(* Let $\ell$ be a positive integer, let $P$ be a path, and let $(Q_1,\ldots,Q_r)$ be an extension of $P$. Let $H=P\cup\bigcup_{s=1}^{r}Q_s$ and assume that every long cycle in $H$ has length at least $2\ell$. Then every cycle in $H$ is short.
   Context: A cycle is short if its length (number of edges) is less than $\ell$ and long otherwise. For a path $P$ with endvertices $u,v$, $\le_P$ denotes the total order on $V(P)$ given by distance from $u$ along $P$, and $xPy$ denotes the subpath of $P$ between $x,y\in V(P)$. For a subgraph $H$, an $H$-path is a path with two distinct endvertices in $H$ that is internally disjoint from $H$; a path of length $1$ between two vertices of $H$ is an $H$-path only if its edge is not in $E(H)$. Let $Q_1,\ldots,Q_r$ be $P$-paths and let $u_i,v_i$ be the endvertices of $Q_i$ with $u_i<_Pv_i$. The tuple $(Q_1,\ldots,Q_r)$ is an extension of $P$ if: (E1) $Q_1,\ldots,Q_r$ are pairwise internally disjoint; (E2) the cycle $u_iPv_i\cup Q_i$ is short for every $i$; (E3) $u_1=u$ and $v_r=v$; (E4) $u_i<_Pu_{i+1}<_Pv_i<_Pv_{i+1}$ for $i=1,\ldots,r-1$; (E5) $v_i\le_P u_{i+2}$ for $i=1,\ldots,r-2$. *)

theory Defs
  imports Main
begin

text \<open>Paths and cycles are represented as lists of distinct vertices.
  A path P = [u, ..., v] has endvertices u = hd P and v = last P; the order
  \<le>_P is the order of positions in the list (distance from u along P).\<close>

definition path_edges :: "'a list \<Rightarrow> 'a set set" where
  "path_edges xs = {{xs ! i, xs ! Suc i} | i. Suc i < length xs}"

definition is_path :: "'a list \<Rightarrow> bool" where
  "is_path xs \<longleftrightarrow> xs \<noteq> [] \<and> distinct xs"

definition pos :: "'a list \<Rightarrow> 'a \<Rightarrow> nat" where
  "pos P x = (THE i. i < length P \<and> P ! i = x)"

definition inner :: "'a list \<Rightarrow> 'a set" where
  "inner xs = set (butlast (tl xs))"

definition is_H_path :: "'a list \<Rightarrow> 'a list \<Rightarrow> bool" where
  "is_H_path P Q \<longleftrightarrow> is_path Q \<and> length Q \<ge> 2 \<and>
     hd Q \<in> set P \<and> last Q \<in> set P \<and> inner Q \<inter> set P = {} \<and>
     (length Q = 2 \<longrightarrow> {hd Q, last Q} \<notin> path_edges P)"

definition lo :: "'a list \<Rightarrow> 'a list \<Rightarrow> 'a" where
  "lo P Q = (if pos P (hd Q) < pos P (last Q) then hd Q else last Q)"

definition hi :: "'a list \<Rightarrow> 'a list \<Rightarrow> 'a" where
  "hi P Q = (if pos P (hd Q) < pos P (last Q) then last Q else hd Q)"

text \<open>Length (number of edges) of the cycle u_i P v_i \<union> Q_i.\<close>
definition ext_cycle_len :: "'a list \<Rightarrow> 'a list \<Rightarrow> nat" where
  "ext_cycle_len P Q = (pos P (hi P Q) - pos P (lo P Q)) + (length Q - 1)"

text \<open>Extension (Q_1,...,Q_r) of P, with the tuple given as a list indexed from 0.\<close>
definition extension :: "nat \<Rightarrow> 'a list \<Rightarrow> 'a list list \<Rightarrow> bool" where
  "extension l P Qs \<longleftrightarrow>
     is_path P \<and> length Qs \<ge> 1 \<and> (\<forall>Q\<in>set Qs. is_H_path P Q) \<and>
     (\<forall>i<length Qs. \<forall>j<length Qs. i \<noteq> j \<longrightarrow> inner (Qs!i) \<inter> set (Qs!j) = {}) \<and>
     (\<forall>i<length Qs. ext_cycle_len P (Qs!i) < l) \<and>
     lo P (Qs!0) = hd P \<and> hi P (Qs!(length Qs - 1)) = last P \<and>
     (\<forall>i. Suc i < length Qs \<longrightarrow>
        pos P (lo P (Qs!i)) < pos P (lo P (Qs!Suc i)) \<and>
        pos P (lo P (Qs!Suc i)) < pos P (hi P (Qs!i)) \<and>
        pos P (hi P (Qs!i)) < pos P (hi P (Qs!Suc i))) \<and>
     (\<forall>i. Suc (Suc i) < length Qs \<longrightarrow>
        pos P (hi P (Qs!i)) \<le> pos P (lo P (Qs!Suc (Suc i))))"

definition H_verts :: "'a list \<Rightarrow> 'a list list \<Rightarrow> 'a set" where
  "H_verts P Qs = set P \<union> (\<Union>Q\<in>set Qs. set Q)"

definition H_edges :: "'a list \<Rightarrow> 'a list list \<Rightarrow> 'a set set" where
  "H_edges P Qs = path_edges P \<union> (\<Union>Q\<in>set Qs. path_edges Q)"

definition is_cycle_in :: "'a set \<Rightarrow> 'a set set \<Rightarrow> 'a list \<Rightarrow> bool" where
  "is_cycle_in V E C \<longleftrightarrow> distinct C \<and> length C \<ge> 3 \<and> set C \<subseteq> V \<and>
     path_edges C \<subseteq> E \<and> {last C, hd C} \<in> E"

end

theory Submission
  imports Defs
begin

text \<open>Every edge of H lies on P or on some Q_k, and the inner vertices of Q_k have degree 2.
  Hence a cycle of H contains all or none of the edges of each Q_k, and a parity count over
  the cuts of P shows that it is determined by the set of Q_k it contains. Since a cycle stays
  connected after removing one vertex, this set is an interval {i..j}. For every interval we
  build such a cycle explicitly by adding Q_i, Q_(i+1), ... one at a time: adding Q_(j+1) to a
  short cycle through Q_i, ..., Q_j costs less than the length of the short cycle
  u_(j+1) P v_(j+1) \<union> Q_(j+1), so the new cycle has length below 2l and is short by the gap
  hypothesis. Every cycle of H has the same edges as the constructed cycle for its interval,
  so it is short as well.\<close>

section \<open>Paths and cycles as vertex lists\<close>

lemma path_edges_conv_image:
  "path_edges xs = (\<lambda>i. {xs ! i, xs ! Suc i}) ` {..<length xs - 1}"
  by (auto simp: path_edges_def)

lemma path_edges_Nil [simp]: "path_edges [] = {}"
  and path_edges_singleton [simp]: "path_edges [x] = {}"
  by (simp_all add: path_edges_def)

lemma path_edges_Cons_Cons [simp]:
  "path_edges (x # y # zs) = insert {x, y} (path_edges (y # zs))"
  by (simp add: path_edges_conv_image lessThan_Suc_eq_insert_0 image_image)

lemma path_edges_Cons:
  "path_edges (x # xs) = (if xs = [] then {} else insert {x, hd xs} (path_edges xs))"
  by (cases xs) auto

lemma path_edges_append:
  "path_edges (xs @ ys) = path_edges xs \<union> path_edges ys \<union>
     (if xs \<noteq> [] \<and> ys \<noteq> [] then {{last xs, hd ys}} else {})"
  by (induction xs) (auto simp: path_edges_Cons)

lemma path_edges_append_nonempty:
  "ys \<noteq> [] \<Longrightarrow> path_edges (xs @ ys) = path_edges (xs @ [hd ys]) \<union> path_edges ys"
  by (cases "xs = []") (auto simp: path_edges_append path_edges_Cons)

lemma path_edges_rev [simp]: "path_edges (rev xs) = path_edges xs"
  by (induction xs) (auto simp: path_edges_append path_edges_Cons last_rev insert_commute)

lemma path_edge_subset_set: "e \<in> path_edges xs \<Longrightarrow> e \<subseteq> set xs"
  by (auto simp: path_edges_def)

lemma finite_path_edges [simp]: "finite (path_edges xs)"
  by (simp add: path_edges_conv_image)

lemma card_path_edges: "distinct xs \<Longrightarrow> card (path_edges xs) = length xs - 1"
proof (induction xs rule: induct_list012)
  case (3 x y zs)
  have "{x, y} \<notin> path_edges (y # zs)"
    using path_edge_subset_set[of "{x, y}" "y # zs"] "3.prems" by auto
  with 3 show ?case by simp
qed simp_all

lemma path_edges_take: "path_edges (take n xs) \<subseteq> path_edges xs"
  and path_edges_drop: "path_edges (drop n xs) \<subseteq> path_edges xs"
  using path_edges_append[of "take n xs" "drop n xs"] by auto

lemma ex_path_edge_at_vertex:
  assumes "2 \<le> length xs" and "v \<in> set xs"
  shows "\<exists>e\<in>path_edges xs. v \<in> e"
proof -
  obtain i where i: "i < length xs" "v = xs ! i"
    using assms(2) by (auto simp: in_set_conv_nth)
  show ?thesis
  proof (cases "Suc i < length xs")
    case True
    with i show ?thesis by (auto simp: path_edges_def)
  next
    case False
    then have "Suc (i - 1) < length xs" and "Suc (i - 1) = i"
      using i assms(1) by auto
    with i show ?thesis
      unfolding path_edges_def by (metis (mono_tags, lifting) insertCI mem_Collect_eq)
  qed
qed

definition cycle_edges :: "'a list \<Rightarrow> 'a set set" where
  "cycle_edges C = insert {last C, hd C} (path_edges C)"

lemma closing_edge_notin_path_edges:
  assumes "distinct C" and "3 \<le> length C"
  shows "{last C, hd C} \<notin> path_edges C"
proof
  assume "{last C, hd C} \<in> path_edges C"
  moreover have ne: "C \<noteq> []"
    using assms(2) by auto
  ultimately obtain i where i: "{C ! (length C - 1), C ! 0} = {C ! i, C ! Suc i}" "Suc i < length C"
    unfolding path_edges_def by (auto simp: hd_conv_nth last_conv_nth)
  have inj: "p = q" if "p < length C" "q < length C" "C ! p = C ! q" for p q
    using assms(1) that by (simp add: nth_eq_iff_index_eq)
  from i(1) consider "C ! 0 = C ! Suc i" | "C ! (length C - 1) = C ! Suc i" "C ! 0 = C ! i"
    by (auto simp: doubleton_eq_iff)
  then show False
  proof cases
    case 1
    then show False using inj[of 0 "Suc i"] i(2) ne by auto
  next
    case 2
    then have "length C - 1 = Suc i" and "0 = i"
      using inj[of "length C - 1" "Suc i"] inj[of 0 i] i(2) ne by auto
    with assms(2) show False by simp
  qed
qed

lemma card_cycle_edges: "distinct C \<Longrightarrow> 3 \<le> length C \<Longrightarrow> card (cycle_edges C) = length C"
  using closing_edge_notin_path_edges[of C] card_path_edges[of C] by (simp add: cycle_edges_def)

lemma cycle_edge_subset_set: "C \<noteq> [] \<Longrightarrow> e \<in> cycle_edges C \<Longrightarrow> e \<subseteq> set C"
  by (auto simp: cycle_edges_def dest: path_edge_subset_set)

definition crosses :: "'a set \<Rightarrow> 'a set \<Rightarrow> bool" where
  "crosses S e \<longleftrightarrow> (\<exists>x\<in>e. x \<in> S) \<and> (\<exists>y\<in>e. y \<notin> S)"

lemma crosses_doubleton [simp]: "crosses S {x, y} \<longleftrightarrow> (x \<in> S) \<noteq> (y \<in> S)"
  by (auto simp: crosses_def)

lemma even_card_crossing_path_edges_iff:
  assumes "distinct xs" and "xs \<noteq> []"
  shows "even (card {e \<in> path_edges xs. crosses S e}) \<longleftrightarrow> ((hd xs \<in> S) = (last xs \<in> S))"
  using assms
proof (induction xs rule: induct_list012)
  case (3 x y zs)
  have new: "{x, y} \<notin> path_edges (y # zs)"
    using path_edge_subset_set[of "{x, y}" "y # zs"] "3.prems" by auto
  have "{e \<in> path_edges (x # y # zs). crosses S e} =
      (if crosses S {x, y} then insert {x, y} else id) {e \<in> path_edges (y # zs). crosses S e}"
    by auto
  with new "3.IH" "3.prems" show ?case by auto
qed simp_all

lemma even_card_crossing_cycle_edges:
  assumes "distinct C" and "3 \<le> length C"
  shows "even (card {e \<in> cycle_edges C. crosses S e})"
proof -
  have "{e \<in> cycle_edges C. crosses S e} =
      (if crosses S {last C, hd C} then insert {last C, hd C} else id) {e \<in> path_edges C. crosses S e}"
    by (auto simp: cycle_edges_def)
  moreover have "C \<noteq> []"
    using assms(2) by auto
  ultimately show ?thesis
    using closing_edge_notin_path_edges[OF assms] even_card_crossing_path_edges_iff[OF assms(1)]
    by auto
qed

lemma path_edge_leaving:
  "x \<in> set xs \<Longrightarrow> x \<in> L \<Longrightarrow> y \<in> set xs \<Longrightarrow> y \<notin> L \<Longrightarrow>
    \<exists>u v. {u, v} \<in> path_edges xs \<and> u \<in> L \<and> v \<notin> L"
proof (induction xs arbitrary: x y rule: induct_list012)
  case (3 z w ws)
  have zw: "{z, w} \<in> path_edges (z # w # ws)" and wz: "{w, z} \<in> path_edges (z # w # ws)"
    by (simp_all add: insert_commute)
  consider "z \<in> L" "w \<notin> L" | "z \<notin> L" "w \<in> L" | "z \<in> L \<longleftrightarrow> w \<in> L"
    by blast
  then show ?case
  proof cases
    case 3
    show ?thesis
    proof (cases "z \<in> L")
      case True
      then show ?thesis
        using 3 "3.IH"(2)[of w y] "3.prems" by fastforce
    next
      case False
      then show ?thesis
        using 3 "3.IH"(2)[of x w] "3.prems" by fastforce
    qed
  qed (use zw wz in blast)+
qed auto

text \<open>Removing a vertex from a cycle leaves a path, which is connected.\<close>

lemma cycle_edge_leaving_avoiding:
  assumes "distinct C" and "w \<notin> L" and "x \<in> set C" "x \<in> L" and "y \<in> set C" "y \<notin> L" "y \<noteq> w"
  obtains u v where "{u, v} \<in> cycle_edges C" "u \<in> L" "v \<notin> L" "v \<noteq> w"
proof (cases "w \<in> set C")
  case False
  obtain u v where "{u, v} \<in> path_edges C" "u \<in> L" "v \<notin> L"
    using path_edge_leaving[OF assms(3-6)] by blast
  moreover have "v \<noteq> w"
    using False path_edge_subset_set[OF calculation(1)] by auto
  ultimately show ?thesis
    using that by (auto simp: cycle_edges_def)
next
  case True
  then obtain xs ys where C: "C = xs @ w # ys"
    by (meson split_list)
  obtain u v where uv: "{u, v} \<in> path_edges (ys @ xs)" "u \<in> L" "v \<notin> L"
    using path_edge_leaving[of x "ys @ xs" L y] assms C by auto
  have "v \<noteq> w"
    using path_edge_subset_set[OF uv(1)] assms(1) C by auto
  moreover have "path_edges (ys @ xs) \<subseteq> cycle_edges C"
    using C path_edges_Cons[of w ys] by (auto simp: cycle_edges_def path_edges_append)
  ultimately show ?thesis
    using that uv by blast
qed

☆ ☆ ☆ ☆ ☆ ☆ ☆

▸ Assignment
Scan the lines above for "(\<forall>i<length Qs. \<forall>j<length" and for "lo P (Qs!0)". Repeat exactly the line holding each of them and every line in between.

▸ Output of the exercise
     (\<forall>i<length Qs. \<forall>j<length Qs. i \<noteq> j \<longrightarrow> inner (Qs!i) \<inter> set (Qs!j) = {}) \<and>
     (\<forall>i<length Qs. ext_cycle_len P (Qs!i) < l) \<and>
     lo P (Qs!0) = hd P \<and> hi P (Qs!(length Qs - 1)) = last P \<and>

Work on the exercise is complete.